◆ Required work ◆
Of all the lines below, return only those starting with the line holding "fix c c' M assume" and going on through the line holding "Y ?M = (\<lambda>_.", exactly as written.

________

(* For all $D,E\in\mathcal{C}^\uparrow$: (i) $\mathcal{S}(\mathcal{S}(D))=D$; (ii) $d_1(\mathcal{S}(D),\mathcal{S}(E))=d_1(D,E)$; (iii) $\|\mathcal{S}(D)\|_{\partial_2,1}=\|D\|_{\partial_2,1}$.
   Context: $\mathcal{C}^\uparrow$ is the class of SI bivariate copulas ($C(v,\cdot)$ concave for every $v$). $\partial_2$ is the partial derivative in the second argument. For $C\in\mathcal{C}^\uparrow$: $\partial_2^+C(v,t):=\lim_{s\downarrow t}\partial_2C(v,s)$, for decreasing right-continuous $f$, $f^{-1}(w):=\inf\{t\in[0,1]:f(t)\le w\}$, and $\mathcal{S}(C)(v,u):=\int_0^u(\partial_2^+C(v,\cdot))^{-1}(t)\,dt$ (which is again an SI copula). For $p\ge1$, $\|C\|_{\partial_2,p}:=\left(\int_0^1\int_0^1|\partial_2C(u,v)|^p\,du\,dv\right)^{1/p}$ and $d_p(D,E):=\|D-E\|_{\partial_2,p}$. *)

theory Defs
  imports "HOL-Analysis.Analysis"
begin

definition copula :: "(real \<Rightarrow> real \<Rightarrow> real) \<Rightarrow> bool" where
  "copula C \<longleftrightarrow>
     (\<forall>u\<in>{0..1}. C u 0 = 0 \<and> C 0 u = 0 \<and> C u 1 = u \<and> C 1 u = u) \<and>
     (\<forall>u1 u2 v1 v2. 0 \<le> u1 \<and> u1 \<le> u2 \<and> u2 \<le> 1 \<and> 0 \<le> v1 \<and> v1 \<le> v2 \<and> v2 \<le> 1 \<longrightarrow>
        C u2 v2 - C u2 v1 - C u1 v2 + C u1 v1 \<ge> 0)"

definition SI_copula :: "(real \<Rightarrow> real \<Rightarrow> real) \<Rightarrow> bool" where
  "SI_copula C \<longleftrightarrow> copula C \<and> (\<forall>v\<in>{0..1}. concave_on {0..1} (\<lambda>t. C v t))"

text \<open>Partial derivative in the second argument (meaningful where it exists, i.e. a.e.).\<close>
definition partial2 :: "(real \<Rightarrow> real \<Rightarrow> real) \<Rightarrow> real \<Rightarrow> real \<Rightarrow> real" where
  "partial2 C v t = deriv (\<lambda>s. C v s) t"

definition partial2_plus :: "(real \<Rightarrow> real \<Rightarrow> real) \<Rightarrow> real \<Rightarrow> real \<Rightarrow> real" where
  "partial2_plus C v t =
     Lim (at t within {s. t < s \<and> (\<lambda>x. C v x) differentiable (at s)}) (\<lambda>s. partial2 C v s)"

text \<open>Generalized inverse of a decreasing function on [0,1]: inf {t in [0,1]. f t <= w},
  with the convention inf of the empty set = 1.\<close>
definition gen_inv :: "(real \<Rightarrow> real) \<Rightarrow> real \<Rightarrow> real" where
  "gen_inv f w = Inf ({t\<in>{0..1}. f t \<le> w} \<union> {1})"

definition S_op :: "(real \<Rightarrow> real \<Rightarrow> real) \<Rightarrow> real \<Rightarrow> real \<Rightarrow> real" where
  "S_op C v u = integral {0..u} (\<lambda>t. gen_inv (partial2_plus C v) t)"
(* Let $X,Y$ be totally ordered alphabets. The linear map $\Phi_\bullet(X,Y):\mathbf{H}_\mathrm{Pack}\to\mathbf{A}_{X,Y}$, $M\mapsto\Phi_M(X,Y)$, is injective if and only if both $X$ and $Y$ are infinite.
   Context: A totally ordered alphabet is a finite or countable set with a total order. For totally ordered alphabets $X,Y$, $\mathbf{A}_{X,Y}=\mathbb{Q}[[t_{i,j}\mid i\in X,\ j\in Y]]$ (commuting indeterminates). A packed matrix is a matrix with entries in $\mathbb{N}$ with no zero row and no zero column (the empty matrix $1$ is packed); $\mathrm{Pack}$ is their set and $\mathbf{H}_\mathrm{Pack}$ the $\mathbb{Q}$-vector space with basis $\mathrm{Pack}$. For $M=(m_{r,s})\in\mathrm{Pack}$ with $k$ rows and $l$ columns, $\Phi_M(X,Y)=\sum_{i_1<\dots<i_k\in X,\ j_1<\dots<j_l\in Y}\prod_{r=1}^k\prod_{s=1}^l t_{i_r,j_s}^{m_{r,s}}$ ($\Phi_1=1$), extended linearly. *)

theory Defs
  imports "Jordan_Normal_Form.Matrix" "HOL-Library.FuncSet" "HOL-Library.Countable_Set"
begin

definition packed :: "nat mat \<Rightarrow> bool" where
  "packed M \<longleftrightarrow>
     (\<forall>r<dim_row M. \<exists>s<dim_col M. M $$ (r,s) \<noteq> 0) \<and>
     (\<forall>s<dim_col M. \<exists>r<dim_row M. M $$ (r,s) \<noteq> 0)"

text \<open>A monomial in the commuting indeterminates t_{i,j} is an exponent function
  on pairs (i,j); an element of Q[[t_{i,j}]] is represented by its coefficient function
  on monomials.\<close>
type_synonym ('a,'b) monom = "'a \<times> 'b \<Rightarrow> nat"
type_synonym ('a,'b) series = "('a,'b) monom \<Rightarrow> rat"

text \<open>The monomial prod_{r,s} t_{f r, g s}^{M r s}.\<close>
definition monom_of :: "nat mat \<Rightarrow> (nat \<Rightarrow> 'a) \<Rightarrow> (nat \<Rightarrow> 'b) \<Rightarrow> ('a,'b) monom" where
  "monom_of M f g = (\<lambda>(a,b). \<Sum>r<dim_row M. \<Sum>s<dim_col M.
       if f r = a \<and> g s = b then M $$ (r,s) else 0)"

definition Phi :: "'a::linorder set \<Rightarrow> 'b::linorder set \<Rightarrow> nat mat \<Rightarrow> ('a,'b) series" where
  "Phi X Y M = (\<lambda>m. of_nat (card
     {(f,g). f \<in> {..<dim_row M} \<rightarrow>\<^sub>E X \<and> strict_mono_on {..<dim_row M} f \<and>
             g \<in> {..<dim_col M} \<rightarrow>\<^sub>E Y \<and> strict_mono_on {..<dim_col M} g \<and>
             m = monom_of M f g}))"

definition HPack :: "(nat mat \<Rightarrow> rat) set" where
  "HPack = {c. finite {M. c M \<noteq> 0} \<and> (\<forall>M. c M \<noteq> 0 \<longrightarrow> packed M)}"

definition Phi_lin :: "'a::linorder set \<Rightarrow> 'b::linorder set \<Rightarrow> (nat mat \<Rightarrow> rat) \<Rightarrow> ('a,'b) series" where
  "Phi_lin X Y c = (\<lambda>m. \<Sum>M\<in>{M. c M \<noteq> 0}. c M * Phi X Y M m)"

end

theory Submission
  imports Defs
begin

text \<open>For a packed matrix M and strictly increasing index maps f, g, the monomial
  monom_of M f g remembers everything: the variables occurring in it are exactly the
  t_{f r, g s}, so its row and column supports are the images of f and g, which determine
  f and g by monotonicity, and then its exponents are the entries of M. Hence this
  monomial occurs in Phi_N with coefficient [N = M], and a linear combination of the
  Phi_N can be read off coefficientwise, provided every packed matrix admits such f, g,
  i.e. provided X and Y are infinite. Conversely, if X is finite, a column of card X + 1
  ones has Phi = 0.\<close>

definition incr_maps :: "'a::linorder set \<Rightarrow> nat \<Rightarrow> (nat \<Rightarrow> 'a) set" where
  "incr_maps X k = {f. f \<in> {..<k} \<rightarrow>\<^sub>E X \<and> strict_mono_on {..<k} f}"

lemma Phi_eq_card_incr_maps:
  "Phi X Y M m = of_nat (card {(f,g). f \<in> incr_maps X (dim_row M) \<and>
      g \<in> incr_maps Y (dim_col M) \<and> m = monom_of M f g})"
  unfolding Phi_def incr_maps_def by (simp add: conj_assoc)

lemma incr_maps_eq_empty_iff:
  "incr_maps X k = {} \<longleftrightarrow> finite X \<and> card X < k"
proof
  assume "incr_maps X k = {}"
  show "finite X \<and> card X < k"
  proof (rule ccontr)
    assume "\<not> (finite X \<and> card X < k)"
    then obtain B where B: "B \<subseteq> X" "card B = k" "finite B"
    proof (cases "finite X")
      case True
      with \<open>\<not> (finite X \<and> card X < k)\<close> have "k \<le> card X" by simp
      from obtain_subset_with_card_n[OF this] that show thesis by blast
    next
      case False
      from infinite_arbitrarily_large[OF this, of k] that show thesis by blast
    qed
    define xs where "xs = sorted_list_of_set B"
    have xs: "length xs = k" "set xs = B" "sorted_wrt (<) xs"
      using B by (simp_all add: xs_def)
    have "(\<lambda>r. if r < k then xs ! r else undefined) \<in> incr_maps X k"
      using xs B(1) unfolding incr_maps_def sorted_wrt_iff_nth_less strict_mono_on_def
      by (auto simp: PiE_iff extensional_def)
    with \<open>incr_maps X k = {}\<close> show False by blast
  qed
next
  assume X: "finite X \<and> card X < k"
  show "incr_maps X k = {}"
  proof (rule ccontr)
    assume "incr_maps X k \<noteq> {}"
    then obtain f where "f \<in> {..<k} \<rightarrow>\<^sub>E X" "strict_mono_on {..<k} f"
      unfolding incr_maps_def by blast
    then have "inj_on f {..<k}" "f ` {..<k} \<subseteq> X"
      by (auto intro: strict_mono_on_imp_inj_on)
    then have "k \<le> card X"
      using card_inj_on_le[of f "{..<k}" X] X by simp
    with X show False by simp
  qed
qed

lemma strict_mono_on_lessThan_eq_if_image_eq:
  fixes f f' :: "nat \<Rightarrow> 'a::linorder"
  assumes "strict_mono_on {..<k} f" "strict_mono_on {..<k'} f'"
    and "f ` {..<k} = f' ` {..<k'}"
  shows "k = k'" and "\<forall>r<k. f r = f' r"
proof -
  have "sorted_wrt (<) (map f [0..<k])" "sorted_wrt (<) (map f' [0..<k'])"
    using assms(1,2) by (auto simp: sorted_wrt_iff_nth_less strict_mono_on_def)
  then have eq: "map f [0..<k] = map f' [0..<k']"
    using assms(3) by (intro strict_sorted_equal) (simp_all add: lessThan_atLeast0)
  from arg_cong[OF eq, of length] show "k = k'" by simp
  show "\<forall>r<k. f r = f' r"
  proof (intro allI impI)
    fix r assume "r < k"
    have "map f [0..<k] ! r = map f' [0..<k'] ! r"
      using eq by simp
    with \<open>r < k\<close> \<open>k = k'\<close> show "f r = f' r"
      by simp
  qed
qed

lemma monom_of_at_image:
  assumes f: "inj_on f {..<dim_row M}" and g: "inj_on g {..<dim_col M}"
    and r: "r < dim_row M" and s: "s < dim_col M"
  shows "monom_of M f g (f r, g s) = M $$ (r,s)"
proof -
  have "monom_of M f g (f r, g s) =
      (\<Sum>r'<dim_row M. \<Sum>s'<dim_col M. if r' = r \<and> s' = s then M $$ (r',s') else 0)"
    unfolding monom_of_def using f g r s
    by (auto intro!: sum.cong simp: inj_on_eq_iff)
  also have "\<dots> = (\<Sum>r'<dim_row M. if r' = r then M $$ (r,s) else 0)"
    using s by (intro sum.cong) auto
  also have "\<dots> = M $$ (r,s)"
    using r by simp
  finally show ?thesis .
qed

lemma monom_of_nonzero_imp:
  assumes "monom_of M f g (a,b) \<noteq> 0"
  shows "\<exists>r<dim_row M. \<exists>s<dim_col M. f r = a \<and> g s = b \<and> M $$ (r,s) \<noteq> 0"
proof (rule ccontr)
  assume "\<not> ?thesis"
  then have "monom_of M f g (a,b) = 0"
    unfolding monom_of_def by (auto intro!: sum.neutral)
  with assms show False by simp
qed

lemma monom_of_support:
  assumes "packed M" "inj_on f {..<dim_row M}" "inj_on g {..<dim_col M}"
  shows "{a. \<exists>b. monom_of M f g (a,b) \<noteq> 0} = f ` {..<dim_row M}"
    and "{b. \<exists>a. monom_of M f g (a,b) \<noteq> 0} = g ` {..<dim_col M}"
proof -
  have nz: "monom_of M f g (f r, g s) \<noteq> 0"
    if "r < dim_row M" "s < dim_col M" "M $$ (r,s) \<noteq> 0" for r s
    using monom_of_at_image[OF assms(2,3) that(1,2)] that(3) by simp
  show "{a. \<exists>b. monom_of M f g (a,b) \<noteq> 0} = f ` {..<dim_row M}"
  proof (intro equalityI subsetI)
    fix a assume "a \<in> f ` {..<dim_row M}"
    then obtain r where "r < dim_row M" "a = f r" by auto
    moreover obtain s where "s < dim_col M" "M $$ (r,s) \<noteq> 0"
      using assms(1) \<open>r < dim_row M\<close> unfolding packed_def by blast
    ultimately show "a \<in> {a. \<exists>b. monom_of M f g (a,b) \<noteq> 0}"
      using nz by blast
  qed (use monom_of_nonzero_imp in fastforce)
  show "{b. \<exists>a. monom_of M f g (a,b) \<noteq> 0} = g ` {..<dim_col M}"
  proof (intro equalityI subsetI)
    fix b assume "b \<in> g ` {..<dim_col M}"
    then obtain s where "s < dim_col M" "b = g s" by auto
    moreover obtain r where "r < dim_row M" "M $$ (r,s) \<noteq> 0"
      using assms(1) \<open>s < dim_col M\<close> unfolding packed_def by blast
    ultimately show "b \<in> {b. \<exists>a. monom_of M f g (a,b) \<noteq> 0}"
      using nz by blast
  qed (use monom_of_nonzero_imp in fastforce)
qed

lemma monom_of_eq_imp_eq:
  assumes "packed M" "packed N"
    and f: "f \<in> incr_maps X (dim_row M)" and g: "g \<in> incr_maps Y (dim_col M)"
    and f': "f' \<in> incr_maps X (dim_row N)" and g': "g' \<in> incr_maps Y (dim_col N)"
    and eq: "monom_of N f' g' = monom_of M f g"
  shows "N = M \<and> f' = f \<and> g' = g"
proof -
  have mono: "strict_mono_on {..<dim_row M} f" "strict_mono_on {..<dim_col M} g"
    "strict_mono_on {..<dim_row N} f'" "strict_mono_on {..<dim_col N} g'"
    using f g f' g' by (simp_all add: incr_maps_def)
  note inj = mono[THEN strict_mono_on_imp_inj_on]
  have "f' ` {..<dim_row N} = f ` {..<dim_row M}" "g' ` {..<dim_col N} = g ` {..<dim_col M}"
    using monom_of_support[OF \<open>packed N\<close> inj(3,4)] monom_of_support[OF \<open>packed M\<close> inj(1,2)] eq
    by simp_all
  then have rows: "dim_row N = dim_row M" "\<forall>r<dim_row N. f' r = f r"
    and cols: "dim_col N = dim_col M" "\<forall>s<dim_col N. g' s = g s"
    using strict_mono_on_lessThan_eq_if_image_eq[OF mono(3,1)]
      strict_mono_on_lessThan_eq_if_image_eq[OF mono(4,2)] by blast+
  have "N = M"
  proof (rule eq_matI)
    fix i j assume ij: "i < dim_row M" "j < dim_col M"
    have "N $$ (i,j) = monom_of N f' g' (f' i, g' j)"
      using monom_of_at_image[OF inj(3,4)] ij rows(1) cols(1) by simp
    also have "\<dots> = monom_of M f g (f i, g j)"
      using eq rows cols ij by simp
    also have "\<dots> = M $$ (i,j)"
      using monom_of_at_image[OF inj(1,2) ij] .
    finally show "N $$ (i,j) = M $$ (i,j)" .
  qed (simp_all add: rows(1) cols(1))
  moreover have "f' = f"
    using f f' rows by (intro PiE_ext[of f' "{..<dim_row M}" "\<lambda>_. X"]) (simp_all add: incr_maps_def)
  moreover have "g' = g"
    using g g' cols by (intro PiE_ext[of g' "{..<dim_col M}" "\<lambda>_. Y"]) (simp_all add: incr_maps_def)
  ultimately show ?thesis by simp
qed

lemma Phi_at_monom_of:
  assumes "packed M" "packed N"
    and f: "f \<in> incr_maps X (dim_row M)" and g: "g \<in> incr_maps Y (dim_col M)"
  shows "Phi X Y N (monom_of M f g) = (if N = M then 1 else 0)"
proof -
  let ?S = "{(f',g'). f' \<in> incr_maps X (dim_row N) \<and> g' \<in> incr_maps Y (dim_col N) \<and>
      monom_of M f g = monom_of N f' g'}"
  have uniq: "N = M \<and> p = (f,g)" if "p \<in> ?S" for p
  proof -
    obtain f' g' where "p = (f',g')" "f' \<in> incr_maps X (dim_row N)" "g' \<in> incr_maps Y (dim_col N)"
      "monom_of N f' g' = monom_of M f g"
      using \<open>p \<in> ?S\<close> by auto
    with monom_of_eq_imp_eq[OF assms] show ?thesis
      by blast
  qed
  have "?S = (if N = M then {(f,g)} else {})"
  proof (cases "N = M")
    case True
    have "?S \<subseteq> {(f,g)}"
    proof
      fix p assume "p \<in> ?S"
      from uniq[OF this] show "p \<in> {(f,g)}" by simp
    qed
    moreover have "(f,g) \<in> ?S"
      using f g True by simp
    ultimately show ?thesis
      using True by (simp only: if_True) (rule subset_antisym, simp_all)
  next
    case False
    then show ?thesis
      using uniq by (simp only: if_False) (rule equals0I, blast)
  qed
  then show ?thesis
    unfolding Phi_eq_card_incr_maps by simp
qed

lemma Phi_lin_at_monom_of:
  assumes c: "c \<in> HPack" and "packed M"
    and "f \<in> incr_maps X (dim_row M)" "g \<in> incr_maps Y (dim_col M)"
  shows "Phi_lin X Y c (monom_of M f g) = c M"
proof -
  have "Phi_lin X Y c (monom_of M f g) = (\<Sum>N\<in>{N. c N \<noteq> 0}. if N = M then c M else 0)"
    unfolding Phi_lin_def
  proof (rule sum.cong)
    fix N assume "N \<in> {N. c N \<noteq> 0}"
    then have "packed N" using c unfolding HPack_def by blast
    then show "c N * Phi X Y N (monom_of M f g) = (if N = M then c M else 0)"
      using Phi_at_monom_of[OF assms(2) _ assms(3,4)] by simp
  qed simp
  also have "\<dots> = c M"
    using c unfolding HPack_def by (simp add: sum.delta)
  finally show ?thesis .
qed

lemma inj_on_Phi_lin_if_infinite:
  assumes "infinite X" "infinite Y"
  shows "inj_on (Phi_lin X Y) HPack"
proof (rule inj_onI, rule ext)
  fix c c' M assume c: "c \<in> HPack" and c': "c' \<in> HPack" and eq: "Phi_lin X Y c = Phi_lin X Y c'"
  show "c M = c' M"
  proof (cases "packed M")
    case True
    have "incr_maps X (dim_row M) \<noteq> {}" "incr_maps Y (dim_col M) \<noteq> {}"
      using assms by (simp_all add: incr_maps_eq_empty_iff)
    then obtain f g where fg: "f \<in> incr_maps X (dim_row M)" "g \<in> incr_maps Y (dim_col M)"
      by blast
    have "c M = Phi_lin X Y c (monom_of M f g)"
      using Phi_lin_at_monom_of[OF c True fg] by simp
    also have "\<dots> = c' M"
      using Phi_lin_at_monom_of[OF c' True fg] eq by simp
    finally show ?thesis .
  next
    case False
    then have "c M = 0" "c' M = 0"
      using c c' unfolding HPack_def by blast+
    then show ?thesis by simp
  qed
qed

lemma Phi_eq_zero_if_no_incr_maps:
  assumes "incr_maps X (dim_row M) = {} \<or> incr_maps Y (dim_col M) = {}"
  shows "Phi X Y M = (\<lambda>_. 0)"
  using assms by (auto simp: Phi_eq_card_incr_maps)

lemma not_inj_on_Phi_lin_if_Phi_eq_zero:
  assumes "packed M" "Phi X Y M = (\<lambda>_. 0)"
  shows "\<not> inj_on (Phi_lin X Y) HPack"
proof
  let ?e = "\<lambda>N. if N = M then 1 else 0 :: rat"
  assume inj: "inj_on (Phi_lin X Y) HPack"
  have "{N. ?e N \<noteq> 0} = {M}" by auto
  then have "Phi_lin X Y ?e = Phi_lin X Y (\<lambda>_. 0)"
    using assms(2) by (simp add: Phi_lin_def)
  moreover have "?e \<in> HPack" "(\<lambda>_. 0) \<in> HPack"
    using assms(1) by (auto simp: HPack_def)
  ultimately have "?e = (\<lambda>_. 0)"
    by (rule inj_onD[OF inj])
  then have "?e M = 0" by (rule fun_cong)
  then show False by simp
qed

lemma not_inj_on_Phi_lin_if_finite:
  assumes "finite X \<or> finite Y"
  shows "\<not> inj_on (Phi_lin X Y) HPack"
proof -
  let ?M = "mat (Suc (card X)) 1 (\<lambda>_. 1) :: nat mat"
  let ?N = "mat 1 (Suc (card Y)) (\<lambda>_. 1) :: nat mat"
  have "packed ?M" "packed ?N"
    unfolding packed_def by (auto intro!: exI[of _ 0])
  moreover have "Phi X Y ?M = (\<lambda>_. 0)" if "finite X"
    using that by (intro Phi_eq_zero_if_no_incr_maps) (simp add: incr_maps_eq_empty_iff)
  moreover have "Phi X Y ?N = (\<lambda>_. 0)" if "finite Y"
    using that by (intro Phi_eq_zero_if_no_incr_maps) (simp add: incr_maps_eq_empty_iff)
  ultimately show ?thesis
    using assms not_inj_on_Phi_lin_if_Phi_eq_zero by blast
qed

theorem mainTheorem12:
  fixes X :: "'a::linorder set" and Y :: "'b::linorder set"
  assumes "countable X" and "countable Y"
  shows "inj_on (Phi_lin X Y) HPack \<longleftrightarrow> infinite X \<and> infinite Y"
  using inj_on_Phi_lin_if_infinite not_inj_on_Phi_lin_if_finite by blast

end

________

◆ Exercise result ◆
  fix c c' M assume c: "c \<in> HPack" and c': "c' \<in> HPack" and eq: "Phi_lin X Y c = Phi_lin X Y c'"
  show "c M = c' M"
  proof (cases "packed M")
    case True
    have "incr_maps X (dim_row M) \<noteq> {}" "incr_maps Y (dim_col M) \<noteq> {}"
      using assms by (simp_all add: incr_maps_eq_empty_iff)
    then obtain f g where fg: "f \<in> incr_maps X (dim_row M)" "g \<in> incr_maps Y (dim_col M)"
      by blast
    have "c M = Phi_lin X Y c (monom_of M f g)"
      using Phi_lin_at_monom_of[OF c True fg] by simp
    also have "\<dots> = c' M"
      using Phi_lin_at_monom_of[OF c' True fg] eq by simp
    finally show ?thesis .
  next
    case False
    then have "c M = 0" "c' M = 0"
      using c c' unfolding HPack_def by blast+
    then show ?thesis by simp
  qed
qed

lemma Phi_eq_zero_if_no_incr_maps:
  assumes "incr_maps X (dim_row M) = {} \<or> incr_maps Y (dim_col M) = {}"
  shows "Phi X Y M = (\<lambda>_. 0)"
  using assms by (auto simp: Phi_eq_card_incr_maps)

lemma not_inj_on_Phi_lin_if_Phi_eq_zero:
  assumes "packed M" "Phi X Y M = (\<lambda>_. 0)"
  shows "\<not> inj_on (Phi_lin X Y) HPack"
proof
  let ?e = "\<lambda>N. if N = M then 1 else 0 :: rat"
  assume inj: "inj_on (Phi_lin X Y) HPack"
  have "{N. ?e N \<noteq> 0} = {M}" by auto
  then have "Phi_lin X Y ?e = Phi_lin X Y (\<lambda>_. 0)"
    using assms(2) by (simp add: Phi_lin_def)
  moreover have "?e \<in> HPack" "(\<lambda>_. 0) \<in> HPack"
    using assms(1) by (auto simp: HPack_def)
  ultimately have "?e = (\<lambda>_. 0)"
    by (rule inj_onD[OF inj])
  then have "?e M = 0" by (rule fun_cong)
  then show False by simp
qed

lemma not_inj_on_Phi_lin_if_finite:
  assumes "finite X \<or> finite Y"
  shows "\<not> inj_on (Phi_lin X Y) HPack"
proof -
  let ?M = "mat (Suc (card X)) 1 (\<lambda>_. 1) :: nat mat"
  let ?N = "mat 1 (Suc (card Y)) (\<lambda>_. 1) :: nat mat"
  have "packed ?M" "packed ?N"
    unfolding packed_def by (auto intro!: exI[of _ 0])
  moreover have "Phi X Y ?M = (\<lambda>_. 0)" if "finite X"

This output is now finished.